Problem description: Give you a linked list of length n, each node contains an additional random pointer random, which can point to any node in the linked list or an empty node.
Constructs a deep copy of this linked list. A deep copy should consist of exactly n new nodes, where the value of each new node is set to the value of its corresponding original node. The next pointer and random pointer of the new node should also point to the new node in the copied linked list, so that these pointers in the original linked list and the copied linked list can represent the same linked list state. None of the pointers in the copied linked list should point to the nodes in the original linked list .
For example, if there are two nodes X and Y in the original linked list, where X.random --> Y . Then the corresponding two nodes x and y in the replication linked list also have x.random --> y .

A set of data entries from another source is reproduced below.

lemma smallo_inverse_square_if_tendsto:
  fixes f :: "nat \<Rightarrow> real"
  assumes "((\<lambda>d. (real d)\<^sup>2 * f d) \<longlongrightarrow> K) sequentially"
  shows "(\<lambda>d. f d - K / (real d)\<^sup>2) \<in> o(\<lambda>d. 1 / (real d)\<^sup>2)"
proof (rule smalloI_tendsto)
  have "((\<lambda>d. (real d)\<^sup>2 * f d - K) \<longlongrightarrow> 0) sequentially"
    using assms by (simp add: LIM_zero_iff)
  moreover have "\<forall>\<^sub>F d in sequentially. (real d)\<^sup>2 * f d - K = (f d - K / (real d)\<^sup>2) / (1 / (real d)\<^sup>2)"
    using eventually_gt_at_top[of 0] by eventually_elim (simp add: field_simps)
  ultimately show "((\<lambda>d. (f d - K / (real d)\<^sup>2) / (1 / (real d)\<^sup>2)) \<longlongrightarrow> 0) sequentially"
    by (simp add: tendsto_cong)
  show "\<forall>\<^sub>F d in sequentially. 1 / (real d)\<^sup>2 \<noteq> 0"
    using eventually_gt_at_top[of 0] by eventually_elim simp
qed

section \<open>The ratio \<open>Gamma (y + a) / Gamma y\<close> and powers near \<open>1\<close>\<close>

locale fractional_exponent =
  fixes a :: real
  assumes a_pos: "0 < a" and a_less_1: "a < 1"
begin

definition c :: real where "c = a * (1 - a) / 2"

lemma c_pos: "0 < c" and c_le: "c \<le> 1/8"
proof -
  show "0 < c" using a_pos a_less_1 by (simp add: c_def)
  have "0 \<le> (a - 1/2)^2" by simp
  then show "c \<le> 1/8" by (simp add: c_def power2_eq_square algebra_simps)
qed

text \<open>Wendel's inequalities: log-convexity of \<open>Gamma\<close> on \<open>x \<le> x + a \<le> x + 1\<close> and on
  \<open>x + a \<le> x + 1 \<le> x + a + 1\<close>.\<close>
lemma ln_Gamma_add_le:
  assumes x: "x > 0" shows "ln (Gamma (x + a)) \<le> ln (Gamma x) + a * ln x"
proof -
  have "(ln \<circ> Gamma) ((1 - a) *\<^sub>R x + a *\<^sub>R (x + 1))
      \<le> (1 - a) * (ln \<circ> Gamma) x + a * (ln \<circ> Gamma) (x + 1)"
    by (rule convex_onD[OF log_convex_Gamma_real]) (use x a_pos a_less_1 in auto)
  moreover have "(1 - a) *\<^sub>R x + a *\<^sub>R (x + 1) = x + a" by (simp add: algebra_simps)
  ultimately show ?thesis using ln_Gamma_add_one[OF x] by (simp add: algebra_simps)
qed

lemma ln_Gamma_add_ge:
  assumes x: "x > 0" shows "ln (Gamma x) + ln x - (1 - a) * ln (x + a) \<le> ln (Gamma (x + a))"
proof -
  have "(ln \<circ> Gamma) ((1 - (1 - a)) *\<^sub>R (x + a) + (1 - a) *\<^sub>R (x + a + 1))
      \<le> (1 - (1 - a)) * (ln \<circ> Gamma) (x + a) + (1 - a) * (ln \<circ> Gamma) (x + a + 1)"
    by (rule convex_onD[OF log_convex_Gamma_real]) (use x a_pos a_less_1 in auto)
  moreover have "(1 - (1 - a)) *\<^sub>R (x + a) + (1 - a) *\<^sub>R (x + a + 1) = x + 1"
    by (simp add: algebra_simps)
  moreover have "ln (Gamma (x + a + 1)) = ln (x + a) + ln (Gamma (x + a))"
    using ln_Gamma_add_one[of "x + a"] x a_pos by simp
  ultimately show ?thesis using ln_Gamma_add_one[OF x] by (simp add: algebra_simps)
qed

definition gamma_remainder :: "real \<Rightarrow> real" where
  "gamma_remainder y = ln (Gamma (y + a)) - ln (Gamma y) - a * ln y + c / y"

lemma gamma_remainder_le_inverse:
  assumes z: "z > 0" shows "\<bar>gamma_remainder z\<bar> \<le> 1 / z"
proof -
  have "ln (z + a) - ln z = ln (1 + a / z)"
    using z a_pos by (simp add: ln_add_diff_ln)
  also have "\<dots> \<le> a / z" using z a_pos by (intro ln_add_one_self_le_self) simp
  finally have "(1 - a) * (ln (z + a) - ln z) \<le> (1 - a) * (a / z)"
    using a_less_1 by (intro mult_left_mono) auto
  also have "(1 - a) * (a / z) = 2 * c / z" by (simp add: c_def)
  finally have "- (2 * c / z) \<le> ln (Gamma (z + a)) - ln (Gamma z) - a * ln z"
    using ln_Gamma_add_ge[OF z] by (simp add: algebra_simps)
  moreover have "c / z \<le> (1/8) / z" using c_le z by (intro divide_right_mono) auto
  moreover have "0 \<le> c / z" using c_pos z by simp
  ultimately show ?thesis
    using ln_Gamma_add_le[OF z] unfolding gamma_remainder_def by (simp add: abs_le_iff field_simps)
qed

lemma gamma_remainder_step_eq:
  assumes y: "y > 0"
  shows "gamma_remainder y - gamma_remainder (y + 1)
    = a * ln (1 + 1 / y) - ln (1 + a * (1 / y)) + c * (1 / y)^2 - c * (1 / y)^3 / (1 + 1 / y)"
proof -
  have "ln (Gamma (y + 1 + a)) = ln (y + a) + ln (Gamma (y + a))"
    using ln_Gamma_add_one[of "y + a"] y a_pos by (simp add: add_ac)
  moreover have "ln (y + 1) - ln y = ln (1 + 1 / y)" "ln (y + a) - ln y = ln (1 + a * (1 / y))"
    using y a_pos ln_add_diff_ln[of y 1] ln_add_diff_ln[of y a] by simp_all
  moreover have "c / y - c / (y + 1) = c * (1 / y)^2 - c * (1 / y)^3 / (1 + 1 / y)"
    using y by (simp add: divide_simps) algebra
  ultimately show ?thesis
    using ln_Gamma_add_one[OF y] unfolding gamma_remainder_def by (simp add: algebra_simps)
qed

Returns the head node of the replicated linked list.
A linked list in input/output is represented by a linked list consisting of n nodes. Each node is represented by a [val, random_index]:
val: An integer representing Node.val.
random_index: The index of the node pointed to by the random pointer (ranging from 0 to n-1); null if it does not point to any node.
Your code only accepts the head node of the original linked list as an incoming parameter.
Example 1:
Input: head = [[7,null],[13,0],[11,4],[10,2],[1,0]]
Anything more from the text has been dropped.